* ASSIGNMENT *
Gather from the material every line that contains the string "swap".

* SUPPLIED ENTRIES *
=== Begin Enclosure ===

lemma einstein_assoc: "A \<odot> B \<odot> C = A \<odot> (B \<odot> C)"
proof (rule tensor_eqI[OF einstein_in_tensors einstein_in_tensors])
  fix i j assume "i \<in> idxs" "j \<in> idxs"
  then have "(A \<odot> B \<odot> C) i j = (\<Sum>k\<in>idxs. \<Sum>l\<in>idxs. A i l * B l k * C k j)"
    by (simp add: einstein_apply sum_distrib_right)
  also have "\<dots> = (\<Sum>l\<in>idxs. \<Sum>k\<in>idxs. A i l * B l k * C k j)"
    by (rule sum.swap)
  also have "\<dots> = (A \<odot> (B \<odot> C)) i j"
    using \<open>i \<in> idxs\<close> \<open>j \<in> idxs\<close> by (simp add: einstein_apply sum_distrib_left mult.assoc)
  finally show "(A \<odot> B \<odot> C) i j = (A \<odot> (B \<odot> C)) i j" .
qed

lemma einstein_ident_left [simp]: "A \<in> tens \<Longrightarrow> \<I> \<odot> A = A"
proof (rule tensor_eqI[OF einstein_in_tensors])
  fix i j assume ij: "i \<in> idxs" "j \<in> idxs"
  then have "(\<I> \<odot> A) i j = (\<Sum>k\<in>idxs. if i = k then A k j else 0)"
    unfolding einstein_apply[OF ij] by (intro sum.cong) (auto simp: ident_def)
  then show "(\<I> \<odot> A) i j = A i j"
    using ij by simp
qed

lemma einstein_ident_right [simp]: "A \<in> tens \<Longrightarrow> A \<odot> \<I> = A"
proof (rule tensor_eqI[OF einstein_in_tensors])
  fix i j assume ij: "i \<in> idxs" "j \<in> idxs"
  then have "(A \<odot> \<I>) i j = (\<Sum>k\<in>idxs. if k = j then A i k else 0)"
    unfolding einstein_apply[OF ij] by (intro sum.cong) (auto simp: ident_def)
  then show "(A \<odot> \<I>) i j = A i j"
    using ij by simp
qed

lemma ctrans_ctrans [simp]: "A \<in> tens \<Longrightarrow> A\<^sup>H\<^sup>H = A"
  by (rule tensor_eqI) (auto simp: ctrans_apply)

lemma ctrans_einstein: "(A \<odot> B)\<^sup>H = B\<^sup>H \<odot> A\<^sup>H"
  by (rule tensor_eqI) (auto simp: ctrans_apply einstein_apply mult.commute)

lemma ctrans_ident [simp]: "\<I>\<^sup>H = \<I>"
  by (rule tensor_eqI[OF ctrans_in_tensors ident_in_tensors]) (auto simp: ctrans_apply ident_def)

lemma ctrans_add: "(A + B)\<^sup>H = A\<^sup>H + B\<^sup>H"
  by (simp add: tensor_apply ctrans_def fun_eq_iff)

lemma ctrans_diff: "(A - B)\<^sup>H = A\<^sup>H - B\<^sup>H"
  by (simp add: tensor_apply ctrans_def fun_eq_iff)

lemma ctrans_tscale: "(tscale c A)\<^sup>H = tscale (cnj c) (A\<^sup>H)"
  by (simp add: tensor_apply ctrans_def fun_eq_iff)

lemma ctrans_zero [simp]: "0\<^sup>H = 0"
  by (simp add: ctrans_def fun_eq_iff zero_fun_apply)

lemma einstein_add_left: "(A + B) \<odot> C = A \<odot> C + B \<odot> C"
  by (simp add: tensor_apply einstein_def fun_eq_iff sum.distrib distrib_right)

lemma einstein_add_right: "C \<odot> (A + B) = C \<odot> A + C \<odot> B"
  by (simp add: tensor_apply einstein_def fun_eq_iff sum.distrib distrib_left)

lemma einstein_diff_left: "(A - B) \<odot> C = A \<odot> C - B \<odot> C"
  by (simp add: tensor_apply einstein_def fun_eq_iff sum_subtractf left_diff_distrib)

lemma einstein_diff_right: "C \<odot> (A - B) = C \<odot> A - C \<odot> B"
  by (simp add: tensor_apply einstein_def fun_eq_iff sum_subtractf right_diff_distrib)

lemma einstein_tscale_left: "tscale c A \<odot> B = tscale c (A \<odot> B)"
  by (simp add: tensor_apply einstein_def fun_eq_iff sum_distrib_left mult.assoc)

lemma einstein_tscale_right: "B \<odot> tscale c A = tscale c (B \<odot> A)"
  by (simp add: tensor_apply einstein_def fun_eq_iff sum_distrib_left mult.left_commute)

lemma einstein_zero_left [simp]: "0 \<odot> A = 0"
  by (simp add: tensor_apply einstein_def fun_eq_iff)

lemma einstein_zero_right [simp]: "A \<odot> 0 = 0"
  by (simp add: tensor_apply einstein_def fun_eq_iff)

section \<open>Quadratic forms and spectra\<close>

definition qform :: "tensor \<Rightarrow> (nat list \<Rightarrow> complex) \<Rightarrow> complex" where
  "qform H v = (\<Sum>i\<in>idxs. \<Sum>j\<in>idxs. cnj (v i) * H i j * v j)"

definition sqnorm :: "(nat list \<Rightarrow> complex) \<Rightarrow> real" where
  "sqnorm v = (\<Sum>i\<in>idxs. (cmod (v i))\<^sup>2)"

definition anisotropic :: "tensor \<Rightarrow> bool" where
  "anisotropic H \<longleftrightarrow> (\<forall>v. (\<exists>i\<in>idxs. v i \<noteq> 0) \<longrightarrow> qform H v \<noteq> 0)"

definition strictly_accretive :: "tensor \<Rightarrow> bool" where
  "strictly_accretive H \<longleftrightarrow> (\<forall>v. (\<exists>i\<in>idxs. v i \<noteq> 0) \<longrightarrow> 0 < Re (qform H v))"

definition spectrum :: "tensor \<Rightarrow> complex set" where
  "spectrum H = {r. \<exists>X\<in>tens. X \<noteq> 0 \<and> (H - tscale r \<I>) \<odot> X = 0}"

lemma cnj_mult_self: "cnj z * z = of_real ((cmod z)\<^sup>2)"
  by (simp only: complex_norm_square mult.commute)

lemma sqnorm_pos:
  assumes "\<exists>i\<in>idxs. v i \<noteq> 0"
  shows "0 < sqnorm v"
proof -
  obtain i where "i \<in> idxs" "v i \<noteq> 0"
    using assms by blast
  then show ?thesis
    unfolding sqnorm_def by (intro sum_pos2[OF finite_midx]) auto
qed

lemma sqnorm_nonneg: "0 \<le> sqnorm v"
  unfolding sqnorm_def by (simp add: sum_nonneg)

lemma qform_ident: "qform \<I> v = of_real (sqnorm v)"
proof -
  have "qform \<I> v = (\<Sum>i\<in>idxs. \<Sum>j\<in>idxs. if i = j then cnj (v i) * v j else 0)"
    unfolding qform_def by (intro sum.cong refl) (auto simp: ident_def)
  also have "\<dots> = (\<Sum>i\<in>idxs. cnj (v i) * v i)"
    by simp
  also have "\<dots> = of_real (sqnorm v)"
    by (simp add: sqnorm_def cnj_mult_self)
  finally show ?thesis .
qed

lemma qform_add: "qform (A + B) v = qform A v + qform B v"
  by (simp add: tensor_apply qform_def sum.distrib distrib_left distrib_right)

lemma qform_shift: "qform (H - tscale r \<I>) v = qform H v - r * of_real (sqnorm v)"
proof -
  have "qform (H - tscale r \<I>) v = qform H v - r * qform \<I> v"
    by (simp add: tensor_apply qform_def sum_subtractf sum_distrib_left algebra_simps)
  then show ?thesis by (simp add: qform_ident)
qed

lemma anisotropic_einstein_eq_0:
  assumes "anisotropic H" "X \<in> tens" "H \<odot> X = 0"
  shows "X = 0"
proof (rule tensor_eqI[OF assms(2) zero_in_tensors])
  fix i j assume i: "i \<in> idxs" and j: "j \<in> idxs"
  have "qform H (\<lambda>k. X k j) = (\<Sum>l\<in>idxs. cnj (X l j) * (H \<odot> X) l j)"
    unfolding qform_def using j by (simp add: einstein_apply sum_distrib_left mult.assoc)
  also have "\<dots> = 0"
    using assms(3) by (simp add: zero_fun_apply)
  finally show "X i j = 0 i j"
    using assms(1) i unfolding anisotropic_def by (auto simp: zero_fun_apply)
qed

lemma strictly_accretive_imp_anisotropic: "strictly_accretive H \<Longrightarrow> anisotropic H"
  unfolding strictly_accretive_def anisotropic_def by force

lemma strictly_accretive_add:
  "strictly_accretive A \<Longrightarrow> strictly_accretive B \<Longrightarrow> strictly_accretive (A + B)"
  unfolding strictly_accretive_def by (simp add: qform_add add_pos_pos)

lemma hpd_iff: "hpd d H \<longleftrightarrow> H\<^sup>H = H \<and>
    (\<forall>v. (\<exists>i\<in>idxs. v i \<noteq> 0) \<longrightarrow> Im (qform H v) = 0 \<and> 0 < Re (qform H v))"
  unfolding hpd_def qform_def Let_def using hermitian_in_tensors by blast

lemma hpd_imp_hermitian: "hpd d H \<Longrightarrow> H\<^sup>H = H"
  by (simp add: hpd_iff)

lemma hpd_imp_strictly_accretive: "hpd d H \<Longrightarrow> strictly_accretive H"
  by (simp add: hpd_iff strictly_accretive_def)

lemma qform_hermitian_real:
  assumes "H\<^sup>H = H"
  shows "Im (qform H v) = 0"
proof -
  have H: "cnj (H i j) = H j i" if "i \<in> idxs" "j \<in> idxs" for i j
    using ctrans_apply[OF that(2,1), of H] assms by simp
  have "cnj (qform H v) = (\<Sum>i\<in>idxs. \<Sum>j\<in>idxs. v i * H j i * cnj (v j))"
    unfolding qform_def by (simp add: H)
  also have "\<dots> = qform H v"
    unfolding qform_def by (subst sum.swap) (simp add: mult_ac)
  finally show ?thesis
    by (metis Reals_cnj_iff complex_is_Real_iff)
qed

lemma anisotropic_notin_spectrum: "anisotropic (H - tscale r \<I>) \<Longrightarrow> r \<notin> spectrum H"
  unfolding spectrum_def using anisotropic_einstein_eq_0 by blast

lemma spectrum_real:
  assumes "H\<^sup>H = H" "r \<in> spectrum H"
  shows "Im r = 0"
proof (rule ccontr)
  assume "Im r \<noteq> 0"
  have "anisotropic (H - tscale r \<I>)"
    unfolding anisotropic_def
  proof (intro allI impI)
    fix v :: "nat list \<Rightarrow> complex" assume "\<exists>i\<in>idxs. v i \<noteq> 0"
    then have "0 < sqnorm v"
      by (rule sqnorm_pos)
    then have "Im (qform (H - tscale r \<I>) v) \<noteq> 0"
      using \<open>Im r \<noteq> 0\<close> by (simp add: qform_shift qform_hermitian_real[OF assms(1)])
    then show "qform (H - tscale r \<I>) v \<noteq> 0"
      by auto
  qed
  then show False
    using assms(2) anisotropic_notin_spectrum by blast
qed

lemma spectrum_Re_pos:
  assumes "strictly_accretive H" "r \<in> spectrum H"
  shows "0 < Re r"
proof (rule ccontr)
  assume "\<not> 0 < Re r"
  have "anisotropic (H - tscale r \<I>)"
    unfolding anisotropic_def
  proof (intro allI impI)
    fix v :: "nat list \<Rightarrow> complex" assume "\<exists>i\<in>idxs. v i \<noteq> 0"
    then have "0 < Re (qform H v)"
      using assms(1) unfolding strictly_accretive_def by blast
    moreover have "Re r * sqnorm v \<le> 0"
      using \<open>\<not> 0 < Re r\<close> sqnorm_nonneg[of v] by (simp add: mult_nonpos_nonneg)
    moreover have "Re (qform (H - tscale r \<I>) v) = Re (qform H v) - Re r * sqnorm v"
      by (simp add: qform_shift)
    ultimately show "qform (H - tscale r \<I>) v \<noteq> 0"
      by auto
  qed
  then show False
    using assms(2) anisotropic_notin_spectrum by blast
qed

lemma ctrans_einstein_self_eq_0:
  assumes "M \<in> tens" "M\<^sup>H \<odot> M = 0"
  shows "M = 0"
proof (rule tensor_eqI[OF assms(1) zero_in_tensors])
  fix i j assume i: "i \<in> idxs" and j: "j \<in> idxs"
  have "(M\<^sup>H \<odot> M) j j = of_real (\<Sum>k\<in>idxs. (cmod (M k j))\<^sup>2)"
    using j by (simp add: einstein_apply ctrans_apply cnj_mult_self)
  then have "(\<Sum>k\<in>idxs. (cmod (M k j))\<^sup>2) = 0"
    using assms(2) by (simp add: zero_fun_apply del: of_real_sum)
  then show "M i j = 0 i j"
    using i by (simp add: tensor_apply sum_nonneg_eq_0_iff)
qed

lemma hermitian_square_kernel:
  assumes "K\<^sup>H = K" "K \<odot> (K \<odot> Y) = 0"
  shows "K \<odot> Y = 0"
proof (rule ctrans_einstein_self_eq_0)
  have "(K \<odot> Y)\<^sup>H \<odot> (K \<odot> Y) = Y\<^sup>H \<odot> (K \<odot> (K \<odot> Y))"
    by (simp add: ctrans_einstein assms(1) einstein_assoc)
  then show "(K \<odot> Y)\<^sup>H \<odot> (K \<odot> Y) = 0"
    using assms(2) by simp
qed simp

section \<open>Polynomial functional calculus\<close>

definition tpoly :: "complex poly \<Rightarrow> tensor \<Rightarrow> tensor" where
  "tpoly p H = fold_coeffs (\<lambda>a M. tscale a \<I> + H \<odot> M) p 0"

lemma tpoly_0 [simp]: "tpoly 0 H = 0"
  by (simp add: tpoly_def)

lemma tpoly_pCons: "tpoly (pCons a p) H = tscale a \<I> + H \<odot> tpoly p H"
  by (cases "p = 0 \<and> a = 0") (auto simp: tpoly_def)

lemma tpoly_in_tensors [simp]: "tpoly p H \<in> tens"
  by (induct p)
    (simp_all only: tpoly_0 tpoly_pCons zero_in_tensors add_in_tensors tscale_in_tensors
      ident_in_tensors einstein_in_tensors)

lemma tpoly_add: "tpoly (p + q) H = tpoly p H + tpoly q H"
proof (induct p arbitrary: q rule: pCons_induct)
  case (pCons a p)
  then show ?case
    by (cases q rule: pCons_cases)
      (simp add: tpoly_pCons einstein_add_right tensor.scale_left_distrib algebra_simps)
qed simp

lemma tpoly_smult: "tpoly (smult c p) H = tscale c (tpoly p H)"
  by (induct p) (simp_all add: tpoly_pCons einstein_tscale_right tensor.scale_right_distrib)

lemma tpoly_diff: "tpoly (p - q) H = tpoly p H - tpoly q H"
  by (metis add_diff_cancel_right' diff_add_cancel tpoly_add)

lemma tpoly_sum: "tpoly (\<Sum>x\<in>S. f x) H = (\<Sum>x\<in>S. tpoly (f x) H)"
  by (induct S rule: infinite_finite_induct) (simp_all add: tpoly_add)

lemma tpoly_mult: "H \<in> tens \<Longrightarrow> tpoly (p * q) H = tpoly p H \<odot> tpoly q H"
  by (induct p)
    (simp_all add: tpoly_pCons tpoly_add tpoly_smult einstein_add_left einstein_tscale_left
      einstein_assoc)

lemma tpoly_1 [simp]: "tpoly 1 H = \<I>"
  by (simp add: one_pCons tpoly_pCons)

lemma tpoly_linear: "H \<in> tens \<Longrightarrow> tpoly [:-r, 1:] H = H - tscale r \<I>"
  by (simp add: tpoly_pCons fun_eq_iff)

lemma tpoly_X: "H \<in> tens \<Longrightarrow> tpoly [:0, 1:] H = H"
  using tpoly_linear[of H 0] by (simp add: fun_eq_iff)

lemma tpoly_commute:
  assumes "X \<in> tens" "X \<odot> H = H \<odot> X"
  shows "X \<odot> tpoly p H = tpoly p H \<odot> X"
proof (induct p)
  case (pCons a p)
  have "X \<odot> (H \<odot> tpoly p H) = H \<odot> X \<odot> tpoly p H"
    by (simp only: assms(2) flip: einstein_assoc)
  also have "\<dots> = H \<odot> tpoly p H \<odot> X"
    by (simp only: einstein_assoc pCons.hyps(2))
  finally have "X \<odot> (H \<odot> tpoly p H) = H \<odot> tpoly p H \<odot> X" .
  then show ?case
    using assms(1)
    by (simp add: tpoly_pCons einstein_add_left einstein_add_right einstein_tscale_left
      einstein_tscale_right)
qed simp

=== End Enclosure ===

* RESPONSE TO THIS TASK *
    by (rule sum.swap)
    unfolding qform_def by (subst sum.swap) (simp add: mult_ac)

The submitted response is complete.